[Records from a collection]
....

lemma frobenius_inner_move_right_factor:
  "frobenius_inner (A ** C) B = frobenius_inner A (B ** transpose C)"
proof -
  have "frobenius_inner (A ** C) B = trace (transpose C ** (transpose A ** B))"
    by (simp add: frobenius_inner_def matrix_transpose_mul matrix_mul_assoc)
  also have "\<dots> = trace ((transpose A ** B) ** transpose C)" by (rule trace_mul_sym)
  finally show ?thesis by (simp add: frobenius_inner_def matrix_mul_assoc)
qed

lemma frobenius_inner_commute: "frobenius_inner A B = frobenius_inner B A"
  by (simp add: frobenius_inner_sum mult.commute)

lemma frobenius_inner_transpose: "frobenius_inner (transpose A) (transpose B) = frobenius_inner A B"
  by (simp add: frobenius_inner_sum transpose_def) (rule sum.swap)

lemma frobenius_inner_symmetric_skew:
  assumes "transpose S = S" "transpose K = - K"
  shows "frobenius_inner S K = 0"
proof -
  have "frobenius_inner S K = frobenius_inner S (- K)"
    using frobenius_inner_transpose[of S K] assms by simp
  also have "\<dots> = - frobenius_inner S K" by (simp add: frobenius_inner_sum sum_negf)
  finally show ?thesis by simp
qed

lemma frobenius_inner_strictly_upper_lower:
  fixes K D :: "real^('n::{finite,linorder})^('n::{finite,linorder})"
  assumes "\<And>i j. j \<le> i \<Longrightarrow> K$i$j = 0" "lower_triangular D"
  shows "frobenius_inner K D = 0"
proof -
  have vanish: "K$k$i * D$k$i = 0" for k i
    using assms unfolding lower_triangular_def by (cases "i \<le> k") auto
  show ?thesis unfolding frobenius_inner_sum by (simp only: vanish sum.neutral_const)
qed

lemma transpose_copyltu: "transpose (copyltu M) = copyltu M"
  by (simp add: copyltu_def transpose_def vec_eq_iff max.commute min.commute)

lemma frobenius_inner_copyltu_lower_triangular:
  assumes "lower_triangular D"
  shows "frobenius_inner (copyltu M) D = frobenius_inner M D"
proof -
  have "frobenius_inner (copyltu M - M) D = 0"
    by (rule frobenius_inner_strictly_upper_lower[OF _ assms]) (simp add: copyltu_def max_def min_def)
  then show ?thesis by (simp add: frobenius_inner_diff_left)
qed

lemma frobenius_inner_symmetric_mult_tangent:
  assumes tangent: "Q ** transpose dQ + dQ ** transpose Q = 0" and "transpose S = S"
  shows "frobenius_inner (S ** Q) dQ = 0"
proof -
  have skew: "transpose (dQ ** transpose Q) = - (dQ ** transpose Q)"
    using tangent by (simp add: matrix_transpose_mul eq_neg_iff_add_eq_0 add.commute)
  have "frobenius_inner (S ** Q) dQ = frobenius_inner S (dQ ** transpose Q)"
    by (rule frobenius_inner_move_right_factor)
  also have "\<dots> = 0" by (rule frobenius_inner_symmetric_skew[OF assms(2) skew])
  finally show ?thesis .
qed

lemma bounded_bilinear_matrix_mult:
  "bounded_bilinear (\<lambda>(A::real^'n^'m) (B::real^'p^'n). A ** B)"
proof -
  have "bilinear (\<lambda>(A::real^'n^'m) (B::real^'p^'n). A ** B)"
    unfolding bilinear_def
    by (intro conjI allI linearI)
      (simp_all add: vec_eq_iff matrix_matrix_mult_def sum.distrib algebra_simps
        sum_distrib_left scaleR_sum_right)
  then show ?thesis using bilinear_conv_bounded_bilinear by blast
qed

lemma bounded_linear_transpose: "bounded_linear (transpose :: real^'n^'m \<Rightarrow> _)"
  by (intro linear_conv_bounded_linear[THEN iffD1] linearI) (simp_all add: vec_eq_iff transpose_def)

lemma transpose_add: "transpose (A + B) = transpose A + transpose (B :: real^'n^'m)"
  by (simp add: vec_eq_iff transpose_def)
(* The symbol of order a + 1 factors as phi_(a+1)(t) = phi_a(t) (e^(-it) - e^(it)), so its Fourier
   coefficients satisfy c_(a+1)(s) = c_a(s + 1) - c_a(s - 1).  Summation by parts, whose boundary
   terms vanish because f(0) = f(1) = 0, turns the Toeplitz sum of order a + 1 for f into the
   Toeplitz sum of order a for the centred differences N (f((m+1)/N) - f((m-1)/N)).  These equal
   2 f'(m/N) up to O(1/N) at interior nodes (Taylor with Lipschitz f') and up to O(1) at the two
   endpoints.  Writing phi_a as a product of two binomial series, whose coefficients satisfy
   |binom(a,n)| <= 2/(n+1) and have absolute sum at most 2, gives |c_a(s)| <= 8/(|s|+1).  The
   weights 8/(|k-m|+1) sum to O(log N) and are O(1/N) at the endpoints when k/N -> x in (0,1), so
   the two normalised sequences differ by O(N^(a-1) log N), which tends to 0. *)

lemma gbinomial_pred_alternating_bounds:
  fixes a :: real assumes "0 \<le> a" "a \<le> 1"
  shows "0 \<le> (-1) ^ k * ((a - 1) gchoose k)" "(-1) ^ k * ((a - 1) gchoose k) \<le> 1"
proof -
  have "(-1) ^ k * ((a - 1) gchoose k) = (of_nat k - a) gchoose k"
    by (subst gbinomial_negated_upper) (simp flip: power_mult_distrib)
  also have "\<dots> = (\<Prod>i<k. (of_nat k - a - of_nat i) / of_nat (k - i))"
    by (simp add: gbinomial_altdef_of_nat atLeast0LessThan)
  finally have eq: "(-1) ^ k * ((a - 1) gchoose k) = (\<Prod>i<k. (of_nat k - a - of_nat i) / of_nat (k - i))" .
  have "0 \<le> (of_nat k - a - of_nat i) / of_nat (k - i)" "(of_nat k - a - of_nat i) / of_nat (k - i) \<le> 1"
    if "i < k" for i
    using that assms by (auto simp: of_nat_diff field_simps)
  then show "0 \<le> (-1) ^ k * ((a - 1) gchoose k)" "(-1) ^ k * ((a - 1) gchoose k) \<le> 1"
    unfolding eq by (auto intro: prod_nonneg prod_le_1)
qed

lemma abs_gbinomial_Suc:
  fixes a :: real assumes "0 \<le> a" "a \<le> 1"
  shows "\<bar>a gchoose Suc k\<bar> = (-1) ^ k * (a gchoose Suc k)"
    and "(-1) ^ k * (a gchoose Suc k) = a / real (Suc k) * ((-1) ^ k * ((a - 1) gchoose k))"
proof -
  show eq: "(-1) ^ k * (a gchoose Suc k) = a / real (Suc k) * ((-1) ^ k * ((a - 1) gchoose k))"
    using gbinomial_absorption'[of "Suc k" a] by simp
  have "0 \<le> (-1) ^ k * (a gchoose Suc k)"
    unfolding eq using gbinomial_pred_alternating_bounds(1)[OF assms, of k] assms by simp
  moreover have "\<bar>a gchoose Suc k\<bar> = \<bar>(-1) ^ k * (a gchoose Suc k)\<bar>"
    by (simp add: abs_mult power_abs)
  ultimately show "\<bar>a gchoose Suc k\<bar> = (-1) ^ k * (a gchoose Suc k)"
    by simp
qed

lemma abs_gbinomial_Suc_le:
  fixes a :: real assumes "0 \<le> a" "a \<le> 1"
  shows "\<bar>a gchoose Suc k\<bar> \<le> 1 / real (Suc k)"
proof -
  have "\<bar>a gchoose Suc k\<bar> = a / real (Suc k) * ((-1) ^ k * ((a - 1) gchoose k))"
    using abs_gbinomial_Suc[OF assms] by simp
  also have "\<dots> \<le> 1 / real (Suc k) * 1"
    using gbinomial_pred_alternating_bounds[OF assms, of k] assms
    by (intro mult_mono divide_right_mono) auto
  finally show ?thesis by simp
qed

lemma abs_gbinomial_le:
  fixes a :: real assumes "0 \<le> a" "a \<le> 1"
  shows "\<bar>a gchoose n\<bar> \<le> 2 / (real n + 1)"
proof (cases n)
  case (Suc k)
  have "1 / real (Suc k) \<le> 2 / (real n + 1)"
    using Suc by (simp add: field_simps)
  then show ?thesis using Suc abs_gbinomial_Suc_le[OF assms, of k] by (metis order.trans)
qed simp

lemma sum_atMost_abs_gbinomial:
  fixes a :: real assumes "0 \<le> a" "a \<le> 1"
  shows "(\<Sum>k\<le>m. \<bar>a gchoose k\<bar>) = 2 - (-1) ^ m * ((a - 1) gchoose m)"
proof -
  have "\<bar>a gchoose k\<bar> = (if k = 0 then 2 else 0) - (a gchoose k) * (-1) ^ k" for k
    using abs_gbinomial_Suc(1)[OF assms] by (cases k) simp_all
  then show ?thesis
    by (simp add: sum_subtractf gbinomial_sum_lower_neg)
qed

lemma sum_abs_gbinomial_le:
  fixes a :: real assumes "0 \<le> a" "a \<le> 1"
  shows "(\<Sum>k<m. \<bar>a gchoose k\<bar>) \<le> 2"
proof (cases m)
  case (Suc j)
  then show ?thesis
    using sum_atMost_abs_gbinomial[OF assms, of j] gbinomial_pred_alternating_bounds(1)[OF assms, of j]
    by (simp add: lessThan_Suc_atMost)
qed simp

lemma summable_abs_gbinomial:
  fixes a :: real assumes "0 \<le> a" "a \<le> 1"
  shows "summable (\<lambda>n. \<bar>a gchoose n\<bar>)" and "(\<Sum>n. \<bar>a gchoose n\<bar>) \<le> 2"
proof -
  show "summable (\<lambda>n. \<bar>a gchoose n\<bar>)"
    using sum_abs_gbinomial_le[OF assms] by (intro summableI_nonneg_bounded) auto
  then show "(\<Sum>n. \<bar>a gchoose n\<bar>) \<le> 2"
    using sum_abs_gbinomial_le[OF assms] by (intro suminf_le_const) auto
qed

definition binomial_series :: "real \<Rightarrow> complex \<Rightarrow> complex" where
  "binomial_series a z = (\<Sum>n. of_real (a gchoose n) * z ^ n)"

lemma norm_gbinomial_term_le:
  fixes z :: complex
  shows "norm z \<le> 1 \<Longrightarrow> norm (of_real (a gchoose n) * z ^ n) \<le> \<bar>a gchoose n\<bar>"
  by (simp add: norm_mult norm_power mult_left_le power_le_one)

lemma binomial_series_eq_powr:
  "norm z < 1 \<Longrightarrow> binomial_series a z = (1 + z) powr of_real a"
  using sums_unique[OF gen_binomial_complex, of z "of_real a"]
  by (simp add: binomial_series_def gbinomial_prod_rev of_real_prod)

lemma norm_binomial_series_le:
  assumes "0 \<le> a" "a \<le> 1" "norm z \<le> 1"
  shows "norm (binomial_series a z) \<le> 2"
proof -
  have "summable (\<lambda>n. norm (of_real (a gchoose n) * z ^ n))"
    by (rule summable_comparison_test'[OF summable_abs_gbinomial(1)[OF assms(1,2)]])
       (use norm_gbinomial_term_le[OF assms(3)] in simp)
  then have "norm (binomial_series a z) \<le> (\<Sum>n. norm (of_real (a gchoose n) * z ^ n))"
    unfolding binomial_series_def by (rule summable_norm)
  also have "\<dots> \<le> (\<Sum>n. \<bar>a gchoose n\<bar>)"
    using norm_gbinomial_term_le[OF assms(3)] summable_abs_gbinomial(1)[OF assms(1,2)] \<open>summable _\<close>
    by (intro suminf_le) auto
  also have "\<dots> \<le> 2" by (rule summable_abs_gbinomial(2)[OF assms(1,2)])
  finally show ?thesis .
qed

....

▶ _PROMPT_:
Look for "< 1 \<Longrightarrow>" in the records. Write out its line and every later line through the end exactly, with nothing more.

▶ _ANSWER SPACE_:
  "norm z < 1 \<Longrightarrow> binomial_series a z = (1 + z) powr of_real a"
  using sums_unique[OF gen_binomial_complex, of z "of_real a"]
  by (simp add: binomial_series_def gbinomial_prod_rev of_real_prod)

lemma norm_binomial_series_le:
  assumes "0 \<le> a" "a \<le> 1" "norm z \<le> 1"
  shows "norm (binomial_series a z) \<le> 2"
proof -
  have "summable (\<lambda>n. norm (of_real (a gchoose n) * z ^ n))"
    by (rule summable_comparison_test'[OF summable_abs_gbinomial(1)[OF assms(1,2)]])
       (use norm_gbinomial_term_le[OF assms(3)] in simp)
  then have "norm (binomial_series a z) \<le> (\<Sum>n. norm (of_real (a gchoose n) * z ^ n))"
    unfolding binomial_series_def by (rule summable_norm)
  also have "\<dots> \<le> (\<Sum>n. \<bar>a gchoose n\<bar>)"
    using norm_gbinomial_term_le[OF assms(3)] summable_abs_gbinomial(1)[OF assms(1,2)] \<open>summable _\<close>
    by (intro suminf_le) auto
  also have "\<dots> \<le> 2" by (rule summable_abs_gbinomial(2)[OF assms(1,2)])
  finally show ?thesis .
qed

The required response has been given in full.